# The problem:
Using the listing below, work out how many lines include the word "bool". Only the number is to be given.

# Listed entries:
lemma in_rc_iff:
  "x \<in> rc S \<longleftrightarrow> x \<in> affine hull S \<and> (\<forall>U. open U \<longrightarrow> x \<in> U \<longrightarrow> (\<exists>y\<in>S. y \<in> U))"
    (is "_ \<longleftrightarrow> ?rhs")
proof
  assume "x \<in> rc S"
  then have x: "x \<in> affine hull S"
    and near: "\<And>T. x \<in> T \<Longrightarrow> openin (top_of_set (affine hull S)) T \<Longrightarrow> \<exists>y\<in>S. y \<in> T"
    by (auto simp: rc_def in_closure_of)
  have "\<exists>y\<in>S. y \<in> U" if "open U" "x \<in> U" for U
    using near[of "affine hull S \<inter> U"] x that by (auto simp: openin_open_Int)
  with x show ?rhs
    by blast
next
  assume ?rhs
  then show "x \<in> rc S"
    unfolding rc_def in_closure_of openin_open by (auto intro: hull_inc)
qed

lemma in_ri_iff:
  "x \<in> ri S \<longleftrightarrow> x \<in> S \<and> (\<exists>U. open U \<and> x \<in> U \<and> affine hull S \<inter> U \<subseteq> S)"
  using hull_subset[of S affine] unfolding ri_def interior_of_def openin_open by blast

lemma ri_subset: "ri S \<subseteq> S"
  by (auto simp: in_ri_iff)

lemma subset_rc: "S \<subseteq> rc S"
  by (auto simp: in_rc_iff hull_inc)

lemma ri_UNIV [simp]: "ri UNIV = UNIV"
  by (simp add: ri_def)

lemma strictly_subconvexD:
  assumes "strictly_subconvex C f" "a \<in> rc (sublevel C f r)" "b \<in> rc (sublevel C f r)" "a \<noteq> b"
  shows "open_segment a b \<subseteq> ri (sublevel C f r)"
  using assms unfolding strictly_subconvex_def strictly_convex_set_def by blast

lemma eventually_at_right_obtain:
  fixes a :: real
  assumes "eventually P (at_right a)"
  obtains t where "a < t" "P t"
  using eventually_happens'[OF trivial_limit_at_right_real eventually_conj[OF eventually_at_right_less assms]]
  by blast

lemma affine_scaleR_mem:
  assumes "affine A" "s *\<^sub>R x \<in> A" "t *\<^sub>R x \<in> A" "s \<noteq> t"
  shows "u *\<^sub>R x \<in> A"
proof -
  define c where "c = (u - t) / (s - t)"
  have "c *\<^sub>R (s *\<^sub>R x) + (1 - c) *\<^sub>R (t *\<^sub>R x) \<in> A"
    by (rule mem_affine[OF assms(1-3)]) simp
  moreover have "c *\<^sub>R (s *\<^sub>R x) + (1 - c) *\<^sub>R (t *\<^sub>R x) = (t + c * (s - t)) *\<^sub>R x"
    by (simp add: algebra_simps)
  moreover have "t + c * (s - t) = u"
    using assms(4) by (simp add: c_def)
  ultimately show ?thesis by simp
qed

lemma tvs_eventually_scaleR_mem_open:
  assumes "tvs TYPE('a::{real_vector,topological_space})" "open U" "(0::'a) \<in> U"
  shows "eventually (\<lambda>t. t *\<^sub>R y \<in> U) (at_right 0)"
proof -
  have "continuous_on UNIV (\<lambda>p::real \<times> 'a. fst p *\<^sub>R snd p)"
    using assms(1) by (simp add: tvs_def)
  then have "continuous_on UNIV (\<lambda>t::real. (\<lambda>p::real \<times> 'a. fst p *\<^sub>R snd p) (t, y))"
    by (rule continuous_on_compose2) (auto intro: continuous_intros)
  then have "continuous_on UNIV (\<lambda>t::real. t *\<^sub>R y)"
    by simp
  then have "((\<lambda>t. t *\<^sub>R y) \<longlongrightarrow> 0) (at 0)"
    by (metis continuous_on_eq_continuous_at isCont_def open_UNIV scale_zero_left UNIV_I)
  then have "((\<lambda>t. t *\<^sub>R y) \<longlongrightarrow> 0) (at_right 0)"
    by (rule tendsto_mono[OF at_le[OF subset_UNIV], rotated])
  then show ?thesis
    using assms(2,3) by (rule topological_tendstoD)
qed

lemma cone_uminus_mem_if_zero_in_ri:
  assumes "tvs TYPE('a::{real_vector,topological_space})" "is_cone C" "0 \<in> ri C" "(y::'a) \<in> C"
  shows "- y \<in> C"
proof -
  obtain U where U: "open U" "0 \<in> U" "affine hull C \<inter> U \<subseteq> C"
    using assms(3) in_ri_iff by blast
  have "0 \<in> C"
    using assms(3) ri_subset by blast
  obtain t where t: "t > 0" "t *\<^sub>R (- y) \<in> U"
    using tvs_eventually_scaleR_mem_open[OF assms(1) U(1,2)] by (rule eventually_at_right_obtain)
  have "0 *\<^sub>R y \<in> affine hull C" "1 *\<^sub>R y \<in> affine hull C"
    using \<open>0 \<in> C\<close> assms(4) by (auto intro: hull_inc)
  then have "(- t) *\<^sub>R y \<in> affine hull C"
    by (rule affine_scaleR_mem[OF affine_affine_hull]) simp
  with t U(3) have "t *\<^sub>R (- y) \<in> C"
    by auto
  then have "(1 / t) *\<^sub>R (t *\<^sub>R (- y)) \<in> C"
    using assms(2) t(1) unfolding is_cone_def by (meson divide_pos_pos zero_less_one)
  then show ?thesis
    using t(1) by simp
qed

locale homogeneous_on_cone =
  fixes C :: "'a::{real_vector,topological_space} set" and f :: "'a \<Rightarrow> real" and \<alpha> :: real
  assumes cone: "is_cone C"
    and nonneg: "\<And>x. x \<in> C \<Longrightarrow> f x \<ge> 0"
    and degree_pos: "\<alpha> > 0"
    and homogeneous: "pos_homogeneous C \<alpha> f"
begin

--

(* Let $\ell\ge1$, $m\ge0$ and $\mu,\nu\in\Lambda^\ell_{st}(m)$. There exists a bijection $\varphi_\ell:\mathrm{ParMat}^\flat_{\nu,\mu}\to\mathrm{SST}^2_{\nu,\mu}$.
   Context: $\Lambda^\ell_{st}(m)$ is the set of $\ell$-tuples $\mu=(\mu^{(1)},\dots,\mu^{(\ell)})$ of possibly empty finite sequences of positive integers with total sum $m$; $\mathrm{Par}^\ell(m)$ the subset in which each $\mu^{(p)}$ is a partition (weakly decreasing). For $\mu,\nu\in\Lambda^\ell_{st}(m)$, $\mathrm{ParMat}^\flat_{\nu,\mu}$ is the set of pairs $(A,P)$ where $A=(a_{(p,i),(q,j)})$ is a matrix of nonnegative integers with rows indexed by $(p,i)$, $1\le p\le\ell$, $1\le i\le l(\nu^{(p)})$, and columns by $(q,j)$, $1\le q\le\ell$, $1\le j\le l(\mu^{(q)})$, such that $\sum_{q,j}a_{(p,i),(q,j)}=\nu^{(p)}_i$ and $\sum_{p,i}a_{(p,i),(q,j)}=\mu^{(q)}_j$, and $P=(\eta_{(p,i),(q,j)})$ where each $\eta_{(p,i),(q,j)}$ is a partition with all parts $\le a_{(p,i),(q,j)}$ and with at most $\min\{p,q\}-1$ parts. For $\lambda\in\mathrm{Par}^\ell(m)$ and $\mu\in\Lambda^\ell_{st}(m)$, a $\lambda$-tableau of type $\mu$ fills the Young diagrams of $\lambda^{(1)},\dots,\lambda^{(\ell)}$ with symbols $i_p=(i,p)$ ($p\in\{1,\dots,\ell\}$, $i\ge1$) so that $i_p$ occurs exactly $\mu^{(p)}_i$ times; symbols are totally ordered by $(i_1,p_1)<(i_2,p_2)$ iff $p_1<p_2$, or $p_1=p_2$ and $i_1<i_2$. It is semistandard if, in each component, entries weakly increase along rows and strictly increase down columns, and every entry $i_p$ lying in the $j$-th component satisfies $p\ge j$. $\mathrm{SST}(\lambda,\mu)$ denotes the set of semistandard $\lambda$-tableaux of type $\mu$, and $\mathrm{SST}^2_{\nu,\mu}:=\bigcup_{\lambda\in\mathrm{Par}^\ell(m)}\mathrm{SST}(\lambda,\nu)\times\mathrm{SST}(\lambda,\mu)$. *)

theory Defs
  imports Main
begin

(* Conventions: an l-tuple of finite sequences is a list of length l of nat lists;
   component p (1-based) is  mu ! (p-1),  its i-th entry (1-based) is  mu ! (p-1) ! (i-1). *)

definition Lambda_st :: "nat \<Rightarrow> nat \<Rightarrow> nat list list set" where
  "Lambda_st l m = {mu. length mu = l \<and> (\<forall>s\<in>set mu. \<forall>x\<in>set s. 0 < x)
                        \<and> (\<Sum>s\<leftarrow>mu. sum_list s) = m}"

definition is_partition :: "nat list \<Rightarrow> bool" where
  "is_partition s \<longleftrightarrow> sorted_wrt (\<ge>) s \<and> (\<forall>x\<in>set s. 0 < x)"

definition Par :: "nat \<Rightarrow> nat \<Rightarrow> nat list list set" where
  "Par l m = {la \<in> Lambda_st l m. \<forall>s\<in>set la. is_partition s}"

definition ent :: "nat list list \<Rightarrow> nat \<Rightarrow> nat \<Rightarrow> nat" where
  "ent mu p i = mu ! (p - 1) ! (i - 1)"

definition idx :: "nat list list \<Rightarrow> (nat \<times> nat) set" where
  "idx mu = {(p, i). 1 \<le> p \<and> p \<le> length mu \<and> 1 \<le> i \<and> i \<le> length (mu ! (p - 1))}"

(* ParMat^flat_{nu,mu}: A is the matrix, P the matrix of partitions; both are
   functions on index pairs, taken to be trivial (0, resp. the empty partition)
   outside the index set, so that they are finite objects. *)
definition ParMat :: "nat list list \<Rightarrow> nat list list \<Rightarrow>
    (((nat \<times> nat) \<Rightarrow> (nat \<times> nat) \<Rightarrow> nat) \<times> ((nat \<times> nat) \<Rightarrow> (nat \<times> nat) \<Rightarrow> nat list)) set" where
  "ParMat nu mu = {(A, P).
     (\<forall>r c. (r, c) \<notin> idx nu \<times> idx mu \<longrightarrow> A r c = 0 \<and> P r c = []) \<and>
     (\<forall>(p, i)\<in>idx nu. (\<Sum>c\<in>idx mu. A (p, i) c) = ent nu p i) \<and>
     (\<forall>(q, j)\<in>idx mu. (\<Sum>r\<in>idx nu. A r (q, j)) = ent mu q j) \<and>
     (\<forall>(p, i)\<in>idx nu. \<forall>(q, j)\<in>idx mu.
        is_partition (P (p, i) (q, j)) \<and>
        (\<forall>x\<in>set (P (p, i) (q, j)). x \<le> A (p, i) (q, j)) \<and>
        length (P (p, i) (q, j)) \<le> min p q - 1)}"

--

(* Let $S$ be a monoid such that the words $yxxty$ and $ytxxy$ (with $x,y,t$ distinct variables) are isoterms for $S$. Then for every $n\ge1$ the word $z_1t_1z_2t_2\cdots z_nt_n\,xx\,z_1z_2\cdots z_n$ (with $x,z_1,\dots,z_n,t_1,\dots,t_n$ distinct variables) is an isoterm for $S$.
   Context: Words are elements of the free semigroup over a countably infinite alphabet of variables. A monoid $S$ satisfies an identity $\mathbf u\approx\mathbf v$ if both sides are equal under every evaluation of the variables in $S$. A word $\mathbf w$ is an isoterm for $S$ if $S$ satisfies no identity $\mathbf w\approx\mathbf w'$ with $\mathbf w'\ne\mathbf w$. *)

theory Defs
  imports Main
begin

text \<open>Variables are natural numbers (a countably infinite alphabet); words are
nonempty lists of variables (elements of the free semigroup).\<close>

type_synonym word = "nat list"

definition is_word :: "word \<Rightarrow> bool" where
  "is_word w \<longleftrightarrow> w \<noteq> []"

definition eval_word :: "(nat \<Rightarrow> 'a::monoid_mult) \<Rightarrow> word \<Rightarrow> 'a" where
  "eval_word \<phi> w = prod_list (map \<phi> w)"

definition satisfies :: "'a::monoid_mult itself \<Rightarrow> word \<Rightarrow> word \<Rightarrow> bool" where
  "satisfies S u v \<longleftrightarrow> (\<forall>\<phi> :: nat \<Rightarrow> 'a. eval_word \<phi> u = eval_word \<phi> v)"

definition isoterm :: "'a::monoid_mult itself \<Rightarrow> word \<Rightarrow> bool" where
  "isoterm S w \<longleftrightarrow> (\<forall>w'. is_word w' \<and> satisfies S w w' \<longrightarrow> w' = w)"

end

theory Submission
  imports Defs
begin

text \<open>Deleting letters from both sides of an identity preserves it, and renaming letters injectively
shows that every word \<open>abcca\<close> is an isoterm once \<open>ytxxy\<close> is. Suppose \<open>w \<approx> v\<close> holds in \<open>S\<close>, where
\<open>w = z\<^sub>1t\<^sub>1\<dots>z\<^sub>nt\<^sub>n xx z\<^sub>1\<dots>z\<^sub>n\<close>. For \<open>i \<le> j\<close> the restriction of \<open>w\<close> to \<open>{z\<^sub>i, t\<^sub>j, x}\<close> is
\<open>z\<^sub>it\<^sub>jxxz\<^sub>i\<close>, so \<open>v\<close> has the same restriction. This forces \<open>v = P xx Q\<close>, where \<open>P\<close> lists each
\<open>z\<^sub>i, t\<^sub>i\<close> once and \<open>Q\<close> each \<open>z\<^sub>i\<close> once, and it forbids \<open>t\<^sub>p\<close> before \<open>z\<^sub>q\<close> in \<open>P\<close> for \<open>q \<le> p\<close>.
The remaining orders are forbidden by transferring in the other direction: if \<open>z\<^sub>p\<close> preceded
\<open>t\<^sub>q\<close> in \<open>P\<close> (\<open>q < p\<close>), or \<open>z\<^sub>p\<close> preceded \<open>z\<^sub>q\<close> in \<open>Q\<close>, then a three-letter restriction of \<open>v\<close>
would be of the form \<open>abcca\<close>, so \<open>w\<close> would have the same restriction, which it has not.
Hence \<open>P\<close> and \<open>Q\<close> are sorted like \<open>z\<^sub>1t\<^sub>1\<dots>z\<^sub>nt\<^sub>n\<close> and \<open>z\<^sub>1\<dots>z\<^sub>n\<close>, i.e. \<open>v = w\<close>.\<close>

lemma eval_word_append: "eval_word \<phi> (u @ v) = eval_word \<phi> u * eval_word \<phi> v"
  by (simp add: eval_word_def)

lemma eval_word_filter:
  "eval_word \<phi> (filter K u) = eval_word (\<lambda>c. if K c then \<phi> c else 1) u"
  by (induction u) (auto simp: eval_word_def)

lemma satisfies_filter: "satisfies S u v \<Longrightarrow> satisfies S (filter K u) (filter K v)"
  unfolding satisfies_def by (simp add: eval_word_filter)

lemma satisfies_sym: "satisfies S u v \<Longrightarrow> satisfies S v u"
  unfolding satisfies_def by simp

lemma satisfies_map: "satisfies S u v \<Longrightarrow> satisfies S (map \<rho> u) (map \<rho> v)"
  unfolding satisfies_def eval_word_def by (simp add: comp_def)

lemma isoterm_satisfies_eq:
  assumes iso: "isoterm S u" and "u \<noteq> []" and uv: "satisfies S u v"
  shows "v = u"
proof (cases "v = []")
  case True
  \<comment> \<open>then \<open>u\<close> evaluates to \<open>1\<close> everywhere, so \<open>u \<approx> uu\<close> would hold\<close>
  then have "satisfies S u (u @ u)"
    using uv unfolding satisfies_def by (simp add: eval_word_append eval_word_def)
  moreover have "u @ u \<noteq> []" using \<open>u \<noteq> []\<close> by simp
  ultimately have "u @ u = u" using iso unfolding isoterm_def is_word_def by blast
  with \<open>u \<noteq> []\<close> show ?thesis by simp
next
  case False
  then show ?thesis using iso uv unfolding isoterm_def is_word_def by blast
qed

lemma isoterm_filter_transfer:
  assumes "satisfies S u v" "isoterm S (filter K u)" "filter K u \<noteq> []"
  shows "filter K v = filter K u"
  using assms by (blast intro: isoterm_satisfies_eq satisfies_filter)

# Reply:
4